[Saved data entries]
>>>>
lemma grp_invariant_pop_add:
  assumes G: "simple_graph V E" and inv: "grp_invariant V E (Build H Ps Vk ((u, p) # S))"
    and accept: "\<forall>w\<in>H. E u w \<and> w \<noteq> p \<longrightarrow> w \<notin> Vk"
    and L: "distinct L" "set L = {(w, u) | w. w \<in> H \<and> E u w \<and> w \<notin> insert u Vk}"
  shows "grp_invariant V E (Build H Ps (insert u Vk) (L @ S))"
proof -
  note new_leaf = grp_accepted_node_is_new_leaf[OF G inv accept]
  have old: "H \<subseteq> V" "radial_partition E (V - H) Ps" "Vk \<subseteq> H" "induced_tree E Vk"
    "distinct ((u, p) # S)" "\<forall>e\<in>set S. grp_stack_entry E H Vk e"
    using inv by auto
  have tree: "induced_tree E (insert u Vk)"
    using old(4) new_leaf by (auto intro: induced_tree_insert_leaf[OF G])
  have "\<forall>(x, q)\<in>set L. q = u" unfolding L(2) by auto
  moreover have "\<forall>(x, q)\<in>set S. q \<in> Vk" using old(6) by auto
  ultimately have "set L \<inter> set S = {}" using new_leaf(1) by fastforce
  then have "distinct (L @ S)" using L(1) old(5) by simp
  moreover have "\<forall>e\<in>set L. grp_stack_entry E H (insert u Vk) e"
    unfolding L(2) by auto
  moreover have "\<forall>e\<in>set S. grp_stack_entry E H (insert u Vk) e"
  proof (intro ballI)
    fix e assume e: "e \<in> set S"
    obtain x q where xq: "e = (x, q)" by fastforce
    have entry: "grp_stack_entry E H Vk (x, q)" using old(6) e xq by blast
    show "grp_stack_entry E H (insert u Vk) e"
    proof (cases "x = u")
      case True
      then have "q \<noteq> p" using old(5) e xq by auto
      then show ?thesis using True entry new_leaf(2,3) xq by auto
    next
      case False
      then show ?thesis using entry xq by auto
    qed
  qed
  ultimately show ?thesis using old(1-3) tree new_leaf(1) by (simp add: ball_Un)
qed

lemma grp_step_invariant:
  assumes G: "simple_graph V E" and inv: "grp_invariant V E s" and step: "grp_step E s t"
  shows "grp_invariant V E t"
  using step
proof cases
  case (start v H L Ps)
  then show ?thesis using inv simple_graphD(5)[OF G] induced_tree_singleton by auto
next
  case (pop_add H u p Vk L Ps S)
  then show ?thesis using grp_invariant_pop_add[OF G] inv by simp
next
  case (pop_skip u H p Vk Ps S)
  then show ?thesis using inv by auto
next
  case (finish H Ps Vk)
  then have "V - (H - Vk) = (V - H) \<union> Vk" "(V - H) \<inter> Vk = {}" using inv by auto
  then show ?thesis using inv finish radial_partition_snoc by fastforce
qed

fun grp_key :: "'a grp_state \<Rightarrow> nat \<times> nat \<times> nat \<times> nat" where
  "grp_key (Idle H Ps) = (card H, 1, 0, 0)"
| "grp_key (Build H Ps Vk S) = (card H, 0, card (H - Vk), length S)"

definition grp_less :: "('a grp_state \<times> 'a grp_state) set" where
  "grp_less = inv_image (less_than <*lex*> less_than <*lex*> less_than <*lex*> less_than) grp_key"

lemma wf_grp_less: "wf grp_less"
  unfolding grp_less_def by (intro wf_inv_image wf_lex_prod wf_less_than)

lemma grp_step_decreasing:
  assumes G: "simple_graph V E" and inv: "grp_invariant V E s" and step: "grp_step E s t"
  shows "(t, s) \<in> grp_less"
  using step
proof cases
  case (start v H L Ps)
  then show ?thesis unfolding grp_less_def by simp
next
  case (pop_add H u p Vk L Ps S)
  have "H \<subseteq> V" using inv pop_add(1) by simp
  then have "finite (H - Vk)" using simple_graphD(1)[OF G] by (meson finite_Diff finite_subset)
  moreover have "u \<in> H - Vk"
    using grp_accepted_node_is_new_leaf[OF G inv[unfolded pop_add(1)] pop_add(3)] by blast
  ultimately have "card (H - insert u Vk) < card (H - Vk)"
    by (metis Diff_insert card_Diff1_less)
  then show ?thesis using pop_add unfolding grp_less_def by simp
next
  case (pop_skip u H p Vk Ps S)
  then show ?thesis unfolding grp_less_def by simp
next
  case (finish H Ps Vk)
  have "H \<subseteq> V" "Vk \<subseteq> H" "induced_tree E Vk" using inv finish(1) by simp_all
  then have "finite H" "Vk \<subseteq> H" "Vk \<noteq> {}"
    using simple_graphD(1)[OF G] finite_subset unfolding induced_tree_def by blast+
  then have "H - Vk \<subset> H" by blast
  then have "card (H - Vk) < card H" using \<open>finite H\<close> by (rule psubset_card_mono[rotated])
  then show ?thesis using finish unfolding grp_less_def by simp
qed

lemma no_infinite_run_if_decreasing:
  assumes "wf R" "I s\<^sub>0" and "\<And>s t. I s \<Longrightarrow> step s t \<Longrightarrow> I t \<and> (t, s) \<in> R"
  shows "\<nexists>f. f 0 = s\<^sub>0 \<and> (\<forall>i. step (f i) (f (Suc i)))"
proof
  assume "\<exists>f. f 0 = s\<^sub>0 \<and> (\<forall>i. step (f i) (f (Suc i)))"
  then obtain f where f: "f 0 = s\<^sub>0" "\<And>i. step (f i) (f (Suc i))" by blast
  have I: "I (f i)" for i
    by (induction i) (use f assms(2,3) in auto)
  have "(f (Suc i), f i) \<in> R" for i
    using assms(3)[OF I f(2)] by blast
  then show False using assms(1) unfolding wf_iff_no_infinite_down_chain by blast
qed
<<<<
TASK DETAILS:
Check the data above and report how many lines include the word "True", using a bare number.

WRITTEN SOLUTION:
2